Landscape painting was a major outlet for Wood, as exemplified by works like: Stone City, Iowa (1930); Fall Plowing (1931); and The Birthplace of Herbert Hoover (1931). He created scenes of rolling hills and perfect hedges and trees as an antidote to the darkness of the Great Depression. His style was unique, abandoning earlier attempts of Impressionism; he was no longer interested in capturing light and shadow movement. Instead, his hills and trees were stylised into characteristic swellings. Wanda Corn, Art Historian, wrote of the painting Stone City, Iowa: 'this is a seminal painting; it sets a style the artist would refine and modify, but never fundamentally alter, for the rest of his life'. Wood's landscapes are essentially idealised versions of American country life, rather than contemporary snapshots. America in the 1930s was in the grip of a building and machine age, but none of this appears in Wood's landscapes. Only on one painting, Death on Ridge Road, do motor vehicles make an appearance. In fact his landscapes are more nostalgic for the past and America of the 1880s. Critics felt Wood's stylised geometric landscapes were not truly 'Realistic', stating he had abdicated artistic responsibility. After the artist's death, some complained that his landscapes were emotionless, whereas others suggest his stylisation is almost akin to sculpture.

Satirical Paintings

Although Wood claimed not to be a satirist, he was quickly typecast as one by art critics, particularly in the wake of his painting American Gothic. Although he often depicted patriotic subjects, such as The Birthplace of Herbert Hoover and Daughters of Revolution: he deflated nationalistic hype with irony. His painting Daughters of the Revolution created much controversy at the time it was exhibited. It depicted the Daughters of the American Revolution, a group of volunteers, established in 1890 who were dedicated to keeping America strong by promoting patriotism. Wood found the society ridiculous, calling them 'those Tory gals'. Wood particularly disliked the organisation because they objected to his stained glass window commission in the late 1920s, saying it was made by enemy hands (it was constructed in Germany). The group held up the dedication of the window, which did not take place until 13 years after the artist's death. In the painting Daughters of Revolution, three ladies are depicted, facing the viewer, one holding a teacup. The one hand depicted holding the teacup is rigid, suggesting a spinster. The ladies stare at the viewer, waiting for recognition of their inherent glory.
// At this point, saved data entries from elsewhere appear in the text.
(* Let $A$ be a category with a variance $(E,M)$, let $C$ be a category, let $F\colon A\rightarrow C$ be a functor of variance $(E,M)$, and let $(R,L)$ be a span on $A$. Assume that the products $\prod_{x} F(Lx)$ (over the objects $x$ of $R$) and $\prod_{f} F(L(f)_t)$ (over the morphisms $f$ of $R$) exist in $C$. Let $s,t\colon \prod_x F(Lx)\rightarrow \prod_f F(L(f)_t)$ be the unique morphisms such that for every morphism $f\colon x\rightarrow y$ of $R$, $$\pi_f\circ s = F(L(f)^e)\circ \pi_x,\qquad \pi_f\circ t = F(L(f)^m)\circ\pi_y .$$ Then the assignment sending an $L$-wedge $(c,(\eta_x)_x)$ to $(c,\eta')$, where $\eta'\colon c\rightarrow \prod_x F(Lx)$ is the morphism with components $\eta_x$ (and acting as the identity on underlying morphisms), is an isomorphism between the category of $L$-wedges of $F$ and the category of cones equalizing $s$ and $t$ (pairs $(c,e\colon c\rightarrow\prod_xF(Lx))$ with $se=te$, morphisms being morphisms $c\rightarrow d$ in $C$ commuting with the maps $e$). In particular, the end $\int_L F$ exists if and only if the equalizer of $s$ and $t$ exists, and in that case they agree.
   Context: A variance on a category $A$ is a pair $(E,M)$ of subcategories containing all objects such that every morphism $f$ factors uniquely as $f=me$ and uniquely as $f=e'm'$ with $e,e'$ in $E$ and $m,m'$ in $M$. For $f\colon x\rightarrow y$ write $f=f^mf^e$ with $f^e\colon x\rightarrow f_t$ in $E$, $f^m\colon f_t\rightarrow y$ in $M$, and $f=f_ef_m$ with $f_m\colon x\rightarrow f_s$ in $M$, $f_e\colon f_s\rightarrow y$ in $E$. A functor $F\colon A\rightarrow C$ of variance $(E,M)$ assigns objects to objects and to each morphism $f$ of $A$ a morphism $F(f)\colon F(f_s)\rightarrow F(f_t)$, preserving identities and satisfying, for composable $x\xrightarrow{f}y\xrightarrow{g}z$, $F(gf)=F((g^ef^m)^e)F(f)F((g_mf_e)_m)=F((g^ef^m)^m)F(g)F((g_mf_e)_e)$. (Thus for $f\colon x\rightarrow y$ in $R$, $F(L(f)^e)\colon F(Lx)\rightarrow F(L(f)_t)$ and $F(L(f)^m)\colon F(Ly)\rightarrow F(L(f)_t)$.) A span on $A$ is a pair $(R,L)$ of a category $R$ and a functor $L\colon R\rightarrow A$. An $L$-wedge of $F$ is a pair $(c,\eta)$ where $c$ is an object of $C$ and $\eta=(\eta_x\colon c\rightarrow F(Lx))_{x\in R}$ is a family such that $F(L(f)^e)\circ\eta_x = F(L(f)^m)\circ\eta_y$ for every morphism $f\colon x\rightarrow y$ of $R$. A morphism of $L$-wedges $(c,\eta)\rightarrow(d,\theta)$ is a morphism $h\colon c\rightarrow d$ with $\theta_x\circ h=\eta_x$ for all objects $x$ of $R$; composition is that of $C$. The end $\int_L F$ of $F$ over $L$ is a terminal $L$-wedge. *)

theory Defs
  imports "HOL-Library.FuncSet"
begin

record ('o, 'm) cat =
  cObj  :: "'o set"
  cArr  :: "'m set"
  cDom  :: "'m \<Rightarrow> 'o"
  cCod  :: "'m \<Rightarrow> 'o"
  cId   :: "'o \<Rightarrow> 'm"
  cComp :: "'m \<Rightarrow> 'm \<Rightarrow> 'm"   (* cComp C g f = g o f *)

definition hom :: "('o,'m) cat \<Rightarrow> 'o \<Rightarrow> 'o \<Rightarrow> 'm set" where
  "hom C x y = {f \<in> cArr C. cDom C f = x \<and> cCod C f = y}"

definition category :: "('o,'m) cat \<Rightarrow> bool" where
  "category C \<longleftrightarrow>
     (\<forall>f\<in>cArr C. cDom C f \<in> cObj C \<and> cCod C f \<in> cObj C) \<and>
     (\<forall>x\<in>cObj C. cId C x \<in> hom C x x) \<and>
     (\<forall>f\<in>cArr C. \<forall>g\<in>cArr C. cCod C f = cDom C g \<longrightarrow>
        cComp C g f \<in> hom C (cDom C f) (cCod C g)) \<and>
     (\<forall>f\<in>cArr C. cComp C f (cId C (cDom C f)) = f \<and> cComp C (cId C (cCod C f)) f = f) \<and>
     (\<forall>f\<in>cArr C. \<forall>g\<in>cArr C. \<forall>h\<in>cArr C. cCod C f = cDom C g \<longrightarrow> cCod C g = cDom C h \<longrightarrow>
        cComp C h (cComp C g f) = cComp C (cComp C h g) f)"

definition cfunctor :: "('a,'f) cat \<Rightarrow> ('b,'g) cat \<Rightarrow> ('a \<Rightarrow> 'b) \<Rightarrow> ('f \<Rightarrow> 'g) \<Rightarrow> bool" where
  "cfunctor A B FO FM \<longleftrightarrow> category A \<and> category B \<and>
     (\<forall>x\<in>cObj A. FO x \<in> cObj B) \<and>
     (\<forall>f\<in>cArr A. FM f \<in> hom B (FO (cDom A f)) (FO (cCod A f))) \<and>
     (\<forall>x\<in>cObj A. FM (cId A x) = cId B (FO x)) \<and>
     (\<forall>f\<in>cArr A. \<forall>g\<in>cArr A. cCod A f = cDom A g \<longrightarrow>
        FM (cComp A g f) = cComp B (FM g) (FM f))"

definition iso_functor :: "('a,'f) cat \<Rightarrow> ('b,'g) cat \<Rightarrow> ('a \<Rightarrow> 'b) \<Rightarrow> ('f \<Rightarrow> 'g) \<Rightarrow> bool" where
  "iso_functor A B FO FM \<longleftrightarrow> cfunctor A B FO FM \<and>
     bij_betw FO (cObj A) (cObj B) \<and> bij_betw FM (cArr A) (cArr B)"

definition subcat_all_obj :: "('o,'m) cat \<Rightarrow> 'm set \<Rightarrow> bool" where
  "subcat_all_obj A S \<longleftrightarrow> S \<subseteq> cArr A \<and> (\<forall>x\<in>cObj A. cId A x \<in> S) \<and>
     (\<forall>f\<in>S. \<forall>g\<in>S. cCod A f = cDom A g \<longrightarrow> cComp A g f \<in> S)"

definition is_em :: "('o,'m) cat \<Rightarrow> 'm set \<Rightarrow> 'm set \<Rightarrow> 'm \<Rightarrow> 'm \<times> 'm \<Rightarrow> bool" where
  "is_em A E M f p \<longleftrightarrow> fst p \<in> E \<and> snd p \<in> M \<and> cDom A (fst p) = cDom A f \<and>
     cCod A (fst p) = cDom A (snd p) \<and> cCod A (snd p) = cCod A f \<and> cComp A (snd p) (fst p) = f"

definition is_me :: "('o,'m) cat \<Rightarrow> 'm set \<Rightarrow> 'm set \<Rightarrow> 'm \<Rightarrow> 'm \<times> 'm \<Rightarrow> bool" where
  "is_me A E M f p \<longleftrightarrow> fst p \<in> M \<and> snd p \<in> E \<and> cDom A (fst p) = cDom A f \<and>
     cCod A (fst p) = cDom A (snd p) \<and> cCod A (snd p) = cCod A f \<and> cComp A (snd p) (fst p) = f"

definition variance :: "('o,'m) cat \<Rightarrow> 'm set \<Rightarrow> 'm set \<Rightarrow> bool" where
  "variance A E M \<longleftrightarrow> category A \<and> subcat_all_obj A E \<and> subcat_all_obj A M \<and>
     (\<forall>f\<in>cArr A. \<exists>!p. is_em A E M f p) \<and> (\<forall>f\<in>cArr A. \<exists>!p. is_me A E M f p)"

text \<open>f = f^m f^e, f^e : x -> f_t; f = f_e f_m, f_m : x -> f_s.\<close>
definition up_e :: "('o,'m) cat \<Rightarrow> 'm set \<Rightarrow> 'm set \<Rightarrow> 'm \<Rightarrow> 'm" where
  "up_e A E M f = fst (THE p. is_em A E M f p)"
definition up_m :: "('o,'m) cat \<Rightarrow> 'm set \<Rightarrow> 'm set \<Rightarrow> 'm \<Rightarrow> 'm" where
  "up_m A E M f = snd (THE p. is_em A E M f p)"
definition tgt :: "('o,'m) cat \<Rightarrow> 'm set \<Rightarrow> 'm set \<Rightarrow> 'm \<Rightarrow> 'o" where
  "tgt A E M f = cCod A (up_e A E M f)"
definition lo_m :: "('o,'m) cat \<Rightarrow> 'm set \<Rightarrow> 'm set \<Rightarrow> 'm \<Rightarrow> 'm" where
  "lo_m A E M f = fst (THE p. is_me A E M f p)"
definition lo_e :: "('o,'m) cat \<Rightarrow> 'm set \<Rightarrow> 'm set \<Rightarrow> 'm \<Rightarrow> 'm" where
  "lo_e A E M f = snd (THE p. is_me A E M f p)"
definition src :: "('o,'m) cat \<Rightarrow> 'm set \<Rightarrow> 'm set \<Rightarrow> 'm \<Rightarrow> 'o" where
  "src A E M f = cCod A (lo_m A E M f)"

definition var_functor ::
  "('a,'f) cat \<Rightarrow> 'f set \<Rightarrow> 'f set \<Rightarrow> ('c,'g) cat \<Rightarrow> ('a \<Rightarrow> 'c) \<Rightarrow> ('f \<Rightarrow> 'g) \<Rightarrow> bool" where
  "var_functor A E M C FO FM \<longleftrightarrow> variance A E M \<and> category C \<and>
     (\<forall>x\<in>cObj A. FO x \<in> cObj C) \<and>
     (\<forall>f\<in>cArr A. FM f \<in> hom C (FO (src A E M f)) (FO (tgt A E M f))) \<and>
     (\<forall>x\<in>cObj A. FM (cId A x) = cId C (FO x)) \<and>
     (\<forall>f\<in>cArr A. \<forall>g\<in>cArr A. cCod A f = cDom A g \<longrightarrow>
        FM (cComp A g f) =
          cComp C (FM (up_e A E M (cComp A (up_e A E M g) (up_m A E M f))))
            (cComp C (FM f) (FM (lo_m A E M (cComp A (lo_m A E M g) (lo_e A E M f))))) \<and>
        FM (cComp A g f) =
          cComp C (FM (up_m A E M (cComp A (up_e A E M g) (up_m A E M f))))
            (cComp C (FM g) (FM (lo_e A E M (cComp A (lo_m A E M g) (lo_e A E M f))))))"

definition is_wedge ::
  "('a,'f) cat \<Rightarrow> 'f set \<Rightarrow> 'f set \<Rightarrow> ('c,'g) cat \<Rightarrow> ('a \<Rightarrow> 'c) \<Rightarrow> ('f \<Rightarrow> 'g) \<Rightarrow>
   ('r,'h) cat \<Rightarrow> ('r \<Rightarrow> 'a) \<Rightarrow> ('h \<Rightarrow> 'f) \<Rightarrow> 'c \<Rightarrow> ('r \<Rightarrow> 'g) \<Rightarrow> bool" where
  "is_wedge A E M C FO FM R LO LM c \<eta> \<longleftrightarrow> c \<in> cObj C \<and>
     (\<forall>x\<in>cObj R. \<eta> x \<in> hom C c (FO (LO x))) \<and>
     (\<forall>f\<in>cArr R. cComp C (FM (up_e A E M (LM f))) (\<eta> (cDom R f)) =
                  cComp C (FM (up_m A E M (LM f))) (\<eta> (cCod R f)))"

definition is_end ::
  "('a,'f) cat \<Rightarrow> 'f set \<Rightarrow> 'f set \<Rightarrow> ('c,'g) cat \<Rightarrow> ('a \<Rightarrow> 'c) \<Rightarrow> ('f \<Rightarrow> 'g) \<Rightarrow>
   ('r,'h) cat \<Rightarrow> ('r \<Rightarrow> 'a) \<Rightarrow> ('h \<Rightarrow> 'f) \<Rightarrow> 'c \<Rightarrow> ('r \<Rightarrow> 'g) \<Rightarrow> bool" where
  "is_end A E M C FO FM R LO LM c \<eta> \<longleftrightarrow> is_wedge A E M C FO FM R LO LM c \<eta> \<and>
     (\<forall>d \<theta>. is_wedge A E M C FO FM R LO LM d \<theta> \<longrightarrow>
        (\<exists>!h. h \<in> hom C d c \<and> (\<forall>x\<in>cObj R. cComp C (\<eta> x) h = \<theta> x)))"

text \<open>The category of L-wedges; families are indexed by the objects of R
  (represented as extensional functions on cObj R). Arrows are triples (source, target, h).\<close>
definition wedge_cat ::
  "('a,'f) cat \<Rightarrow> 'f set \<Rightarrow> 'f set \<Rightarrow> ('c,'g) cat \<Rightarrow> ('a \<Rightarrow> 'c) \<Rightarrow> ('f \<Rightarrow> 'g) \<Rightarrow>
   ('r,'h) cat \<Rightarrow> ('r \<Rightarrow> 'a) \<Rightarrow> ('h \<Rightarrow> 'f) \<Rightarrow>
   ('c \<times> ('r \<Rightarrow> 'g), ('c \<times> ('r \<Rightarrow> 'g)) \<times> ('c \<times> ('r \<Rightarrow> 'g)) \<times> 'g) cat" where
  "wedge_cat A E M C FO FM R LO LM =
     (let W = {w. is_wedge A E M C FO FM R LO LM (fst w) (snd w) \<and> snd w \<in> extensional (cObj R)} in
     \<lparr> cObj = W,
       cArr = {(u, v, h). u \<in> W \<and> v \<in> W \<and> h \<in> hom C (fst u) (fst v) \<and>
                          (\<forall>x\<in>cObj R. cComp C (snd v x) h = snd u x)},
       cDom = (\<lambda>(u, v, h). u),
       cCod = (\<lambda>(u, v, h). v),
       cId = (\<lambda>u. (u, u, cId C (fst u))),
       cComp = (\<lambda>(v', w, k) (u, v, h). (u, w, cComp C k h)) \<rparr>)"

definition is_product :: "('c,'g) cat \<Rightarrow> 'i set \<Rightarrow> 'c \<Rightarrow> ('i \<Rightarrow> 'g) \<Rightarrow> ('i \<Rightarrow> 'c) \<Rightarrow> bool" where
  "is_product C I P \<pi> X \<longleftrightarrow> P \<in> cObj C \<and> (\<forall>i\<in>I. \<pi> i \<in> hom C P (X i)) \<and>
     (\<forall>d\<in>cObj C. \<forall>\<phi>. (\<forall>i\<in>I. \<phi> i \<in> hom C d (X i)) \<longrightarrow>
        (\<exists>!h. h \<in> hom C d P \<and> (\<forall>i\<in>I. cComp C (\<pi> i) h = \<phi> i)))"

definition tuple :: "('c,'g) cat \<Rightarrow> 'i set \<Rightarrow> 'c \<Rightarrow> ('i \<Rightarrow> 'g) \<Rightarrow> 'c \<Rightarrow> ('i \<Rightarrow> 'g) \<Rightarrow> 'g" where
  "tuple C I P \<pi> d \<phi> = (THE h. h \<in> hom C d P \<and> (\<forall>i\<in>I. cComp C (\<pi> i) h = \<phi> i))"

definition cone_cat :: "('c,'g) cat \<Rightarrow> 'c \<Rightarrow> 'g \<Rightarrow> 'g \<Rightarrow> ('c \<times> 'g, ('c \<times> 'g) \<times> ('c \<times> 'g) \<times> 'g) cat" where
  "cone_cat C P s t =
     (let K = {u. fst u \<in> cObj C \<and> snd u \<in> hom C (fst u) P \<and> cComp C s (snd u) = cComp C t (snd u)} in
     \<lparr> cObj = K,
       cArr = {(u, v, h). u \<in> K \<and> v \<in> K \<and> h \<in> hom C (fst u) (fst v) \<and> cComp C (snd v) h = snd u},
       cDom = (\<lambda>(u, v, h). u),
       cCod = (\<lambda>(u, v, h). v),
       cId = (\<lambda>u. (u, u, cId C (fst u))),
       cComp = (\<lambda>(v', w, k) (u, v, h). (u, w, cComp C k h)) \<rparr>)"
They are placed in front of a painting by Emanuel Leutze, called Washington Crossing the Delaware. Although the painting is considered a national treasure, the irony was, that Letuze painted it in Germany using the Rhine as a model for the Delaware.

American Realism
For an exemplar of the New York Ashcan school, read about the realist painter George Wesley Bellows (1882-1925). For another American realist painter, who preferred more urban subjects, but whose vision also embraced dream-like genre paintings, see Edward Hopper (1882-1967). For a rural realist from the 19th century, see Winslow Homer (1836-1910). See also Georgia O'Keeffe (1887-1986).

Reputation as an Artist

Wood died at the young age of 49, suffering from liver cancer. His sister Nan, the woman portrayed in American Gothic inherited his estate. When she died, the property transferred to the Figge Art Museum, Davenport. Wood's rise was fast, but after his death, his fall was equally fast. A retrospective held of his paintings in Chicago after his death received negative reviews. In the 1950s, academics felt Wood's work was too populist, too much like American folk-art - 'always popular among simple people'. One of his main critics, Ruth Pickering, observed that he did not fit the image of a romantic painter. She complained he was no Van Gogh or Cezanne. However, from the 1970s onward Wood's reputation has again risen. (See a similar reaction to Norman Rockwell, the populist American illustrator and portraitist.)

One of the great 20th century painters of America, Grant Wood's works hang in many of the best art museums throughout the United States, including the Metropolitan Museum of Art, New York; the Art Institute of Chicago; the Cedar Rapids Museum, Iowa; Cincinnati Art Museum; the Smithsonian Art Museum, Washington DC; and others.